Operating the air-fed or the more expensive oxygen-fed facilities is inexpensive after initial capital investments, though costs are highly dependent on electricity prices. Considering transportation, harvesting and other expenses, the report concludes FT can cost as little as $5.8/GJ, compared with the 2003 price of $4.6/GJ.

Assuming one-third of the United Kingdom’s arable land was available to produce FT feedstock, The UK’s annual production would be 51 PJ (1 x 1015 Joules) and the world could produce 22,800 PJ.

FT synthetic fuel has fewer particulates and is virtually sulphur-free. That’s an emissions advantage, but it also contributes to poor lubricity.

F-T makes progress, but coal to oil is still coal
On 15 December 2006 a B-52 flew from Andrews Air Force base with synthetic fuel in all eight engines for the first time. The 6.1 hour test was the fourth flight, and again the blend of 50% jet fuel performed the same as a B-52 on 100% standard fuel. The same success was reached in cold weather in February at Minot Air Force Base in North Dakota. The US Air Force will release its final report in June 2007 but is already searching for a commercial provider of the fuel.

Soon they’ll test it in a fighter jet in afterburner stage. The military and airlines are interested in fuel from the Fischer-Tropsch process because it’s made from any fossil fuel or carbon-based feedstock and because its emissions have less particulate matter than traditional petroleum fuels.

They have ‘several thousand gallons’ left to work with supplied by Syntroleum, a Tulsa, Oklahoma-based company that announced on 19 December a deal with Kuwait Foreign Petroleum Exploration Company to develop a 50,000 barrel per day gas-to-liquids (GTL) facility in Papua New Guinea. That plant will make diesel, and Director of Investor Relations Gary Gamino said aviation fuel production might surge, but ‘unless a serious player calls us with some deep pockets who can fund the effort, we’re plenty busy with current projects.’

The Tulsa facility that made the Air Force’s fuel was mothballed in September. ‘There wasn’t any economic reason to keep it open. We can’t afford to keep it running just for fun,’ Gamino said.

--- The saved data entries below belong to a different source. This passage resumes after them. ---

lemma lin_indep_insert:
  assumes "lin_indep S" "x \<notin> span S"
  shows "lin_indep (insert x S)"
  unfolding lin_indep_def
proof (intro conjI allI impI)
  have fin: "finite S" using assms(1) by (rule lin_indep_finite)
  have xS: "x \<notin> S" using assms(2) in_span[OF fin] by blast
  show "finite (insert x S)" using fin by simp
  fix c assume "lincomb c (insert x S) = (\<lambda>_. 0)"
  then have eq: "c x * x i + lincomb c S i = 0" for i
    using fin xS by (metis lincomb_insert)
  have cx: "c x = 0"
  proof (rule ccontr)
    assume ne: "c x \<noteq> 0"
    have "x i = lincomb (\<lambda>v. - (inverse (c x) * c v)) S i" for i
    proof -
      have "x i = - (inverse (c x) * lincomb c S i)"
        using arg_cong[OF eq[of i], of "\<lambda>y. inverse (c x) * y"] ne
        by (simp add: distrib_left mult.assoc[symmetric] eq_neg_iff_add_eq_0)
      then show ?thesis by (simp add: lincomb_def sum_distrib_left mult.assoc sum_negf)
    qed
    then have "x \<in> span S" unfolding span_iff by fast
    then show False using assms(2) by blast
  qed
  have "lincomb c S = (\<lambda>_. 0)" using eq cx by auto
  then show "\<forall>v\<in>insert x S. c v = 0" using assms(1) cx by (simp add: lin_indep_def)
qed

definition unit_vec :: "nat \<Rightarrow> ('a::division_ring) vec" where
  "unit_vec j = (\<lambda>i. if i = j then 1 else 0)"

lemma inj_unit_vec: "inj (unit_vec :: nat \<Rightarrow> ('a::division_ring) vec)"
  by (rule injI) (metis unit_vec_def zero_neq_one)

lemma vspace_subset_span_unit_vecs:
  "vspace n \<subseteq> span (unit_vec ` {..<n} :: ('a::division_ring) vec set)"
proof
  fix v :: "'a vec" assume v: "v \<in> vspace n"
  define c where "c w = v (inv unit_vec w)" for w :: "'a vec"
  have "lincomb c (unit_vec ` {..<n}) = v"
  proof
    fix i
    have "lincomb c (unit_vec ` {..<n}) i = (\<Sum>j<n. v j * unit_vec j i)"
      unfolding lincomb_def c_def
      by (simp add: sum.reindex inj_on_subset[OF inj_unit_vec] inv_f_f[OF inj_unit_vec])
    also have "\<dots> = (\<Sum>j<n. if i = j then v i else 0)"
      by (rule sum.cong) (auto simp: unit_vec_def)
    also have "\<dots> = v i" using v by (simp add: vspace_def)
    finally show "lincomb c (unit_vec ` {..<n}) i = v i" .
  qed
  then show "v \<in> span (unit_vec ` {..<n})" unfolding span_def by blast
qed

lemma lin_indep_card_le_dim:
  assumes "lin_indep B" "B \<subseteq> vspace n"
  shows "card B \<le> n"
proof -
  have "card B \<le> card (unit_vec ` {..<n} :: ('a::division_ring) vec set)"
    using lin_indep_card_le_span[OF assms(1)] vspace_subset_span_unit_vecs assms(2) by blast
  also have "\<dots> \<le> n" using card_image_le[of "{..<n}" unit_vec] by simp
  finally show ?thesis .
qed

text \<open>A maximal independent subset is a basis; maximal ones exist since independent
  subsets of \<open>vspace n\<close> have at most \<open>n\<close> elements.\<close>
lemma subspace_has_dim:
  assumes "is_subspace n (A :: ('a::division_ring) vec set)"
  obtains j where "has_dim A j"
proof -
  let ?K = "card ` {B. B \<subseteq> A \<and> lin_indep B}"
  have "?K \<subseteq> {..n}"
    using lin_indep_card_le_dim subspace_vspace[OF assms] by fastforce
  then have finK: "finite ?K" using finite_subset by blast
  have "lin_indep ({} :: 'a vec set)" by (simp add: lin_indep_def)
  then have "0 \<in> ?K" by force
  then have "Max ?K \<in> ?K" using finK Max_in by blast
  then obtain B where B: "B \<subseteq> A" "lin_indep B" "card B = Max ?K" by auto
  have finB: "finite B" using B(2) by (rule lin_indep_finite)
  have "A \<subseteq> span B"
  proof
    fix x assume xA: "x \<in> A"
    show "x \<in> span B"
    proof (rule ccontr)
      assume nx: "x \<notin> span B"
      then have "card (insert x B) \<in> ?K"
        using lin_indep_insert[OF B(2)] xA B(1) by blast
      then have "card (insert x B) \<le> card B" using finK B(3) by simp
      moreover have "x \<notin> B" using nx in_span[OF finB] by blast
      ultimately show False using finB by simp
    qed
  qed
  then have "span B = A" using span_subset_subspace[OF finB B(1) assms] by blast
  then show ?thesis using that B unfolding has_dim_def by blast
qed

lemma has_dimE:
  assumes "has_dim A j"
  obtains B where "B \<subseteq> A" "lin_indep B" "card B = j" "span B = A"
  using assms unfolding has_dim_def by blast

lemma has_dim_mono:
  assumes "has_dim A j" "has_dim C j'" "A \<subseteq> C"
  shows "j \<le> j'"
proof -
  obtain BA where BA: "BA \<subseteq> A" "lin_indep BA" "card BA = j"
    using assms(1) by (rule has_dimE)
  obtain BC where BC: "lin_indep BC" "card BC = j'" "span BC = C"
    using assms(2) by (rule has_dimE)
  have "BA \<subseteq> span BC" using BA(1) BC(3) assms(3) by blast
  then show ?thesis
    using lin_indep_card_le_span[OF BA(2) lin_indep_finite[OF BC(1)]] BA(3) BC(2) by simp
qed

lemma has_dim_strict_mono:
  assumes "has_dim A j" "has_dim C j'" "A \<subset> C"
  shows "j < j'"
proof -
  obtain BA where BA: "BA \<subseteq> A" "lin_indep BA" "card BA = j" "span BA = A"
    using assms(1) by (rule has_dimE)
  obtain BC where BC: "lin_indep BC" "card BC = j'" "span BC = C"
    using assms(2) by (rule has_dimE)
  obtain x where x: "x \<in> C" "x \<notin> A" using assms(3) by blast
  have "lin_indep (insert x BA)" using lin_indep_insert[OF BA(2)] x(2) BA(4) by simp
  moreover have "insert x BA \<subseteq> span BC" using BA(1) BC(3) x(1) assms(3) by blast
  ultimately have "card (insert x BA) \<le> j'"
    using lin_indep_card_le_span lin_indep_finite[OF BC(1)] BC(2) by blast
  moreover have "x \<notin> BA" using x BA(1) by blast
  ultimately show ?thesis using BA(2,3) lin_indep_finite by fastforce
qed

lemma has_dim_subset_eq: "has_dim A j \<Longrightarrow> has_dim C j \<Longrightarrow> A \<subseteq> C \<Longrightarrow> A = C"
  using has_dim_strict_mono by blast

lemma has_dim_Suc_between:
  assumes "is_subspace n M" "has_dim A j" "has_dim C (Suc j)" "A \<subseteq> M" "M \<subseteq> C"
  shows "M = A \<or> M = C"
proof -
  obtain d where d: "has_dim M d" using subspace_has_dim[OF assms(1)] .
  have "j \<le> d" "d \<le> Suc j"
    using has_dim_mono d assms by blast+
  then consider "d = j" | "d = Suc j" by linarith
  then show ?thesis
  proof cases
    case 1
    then have "A = M" using has_dim_subset_eq d assms(2,4) by blast
    then show ?thesis by simp
  next
    case 2
    then have "M = C" using has_dim_subset_eq d assms(3,5) by blast
    then show ?thesis by simp
  qed
qed

lemma has_dim_Suc_subsetI:
  assumes "is_subspace n S" "is_subspace n T" "has_dim X j" "has_dim T (Suc j)" "X \<subset> S \<inter> T"
  shows "T \<subseteq> S"
  using has_dim_Suc_between[OF subspace_Int[OF assms(1,2)] assms(3,4)] assms(5) by blast

section \<open>Adjoining a vector\<close>

definition adjoin :: "('a::division_ring) vec set \<Rightarrow> 'a vec \<Rightarrow> 'a vec set" where
  "adjoin A x = {v. \<exists>a\<in>A. \<exists>c. v = (\<lambda>i. a i + c * x i)}"

lemma adjoinI: "a \<in> A \<Longrightarrow> v = (\<lambda>i. a i + c * x i) \<Longrightarrow> v \<in> adjoin A x"
  unfolding adjoin_def by blast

The leading candidate to provide the Air Force’s needs is Sasol, the South African firm that has been using Fischer-Tropsch to make several fuels for 50 years. ‘All the international flights that refuel at the South African airports make use of a synthetic jet fuel,’ said US Coal-to-Liquids Country Manager Renus Kelfkens. Each day they produce 100,000 barrels of fuel out of a total of 160,000 barrels of synthetic chemical products.

Currently the synthetic mix is 70% jet fuel, and they export none of it. ‘We’re exploring the size of the market beyond the South African environment,’ he said. A Sasol facility is about to begin production at a facility in Qatar.

Meanwhile, a major deal is warming up between Rentech and Peabody Energy, the largest coal producer in the US, to convert coal to oil at Rentech’s Colorado plant.

Jeffrey Decker is a freelance journalist based in the US
e-mail: [email protected]


Fuels for aviation

Civilian aircraft are powered by a small selection of widely-available petroleum fuels. Military aircraft have the same selection, but many nations use additives to craft specific blends.

Diesel
A small portion of the propeller airplane market is powered with diesel. Cirrus and Cessna, both leaders in the propeller market, are taking the first steps to releasing new diesel planes.

Avgas
The piston engines of propeller aircraft run on a fuel called Avgas. It’s a high-octane fuel with lower volatility than petrol, which helps the fuel system in the cold temperatures of high altitudes. Though a replacement fuel is not yet ready, Avgas is being phased out of aviation because of its lead toxicity. 100LL can contain up 0.56 grammes of lead per litre.

Jet fuel
Jet engines on airliners or business jets are fuelled by different unleaded blends of kerosene. Jet A-1 is the most common. Jets in the US use Jet A, which is similar but freezes at -40ºC, seven degrees higher than Jet A. Jet B is the other commonly-used jet fuel and is used in only extremely cold weather. Jet Fuel can power diesel engines, both in the air and on the ground. It burns cleaner than Avgas and engine manufacturers are already offering propeller models that run on Jet fuel as a step towards emissions goals.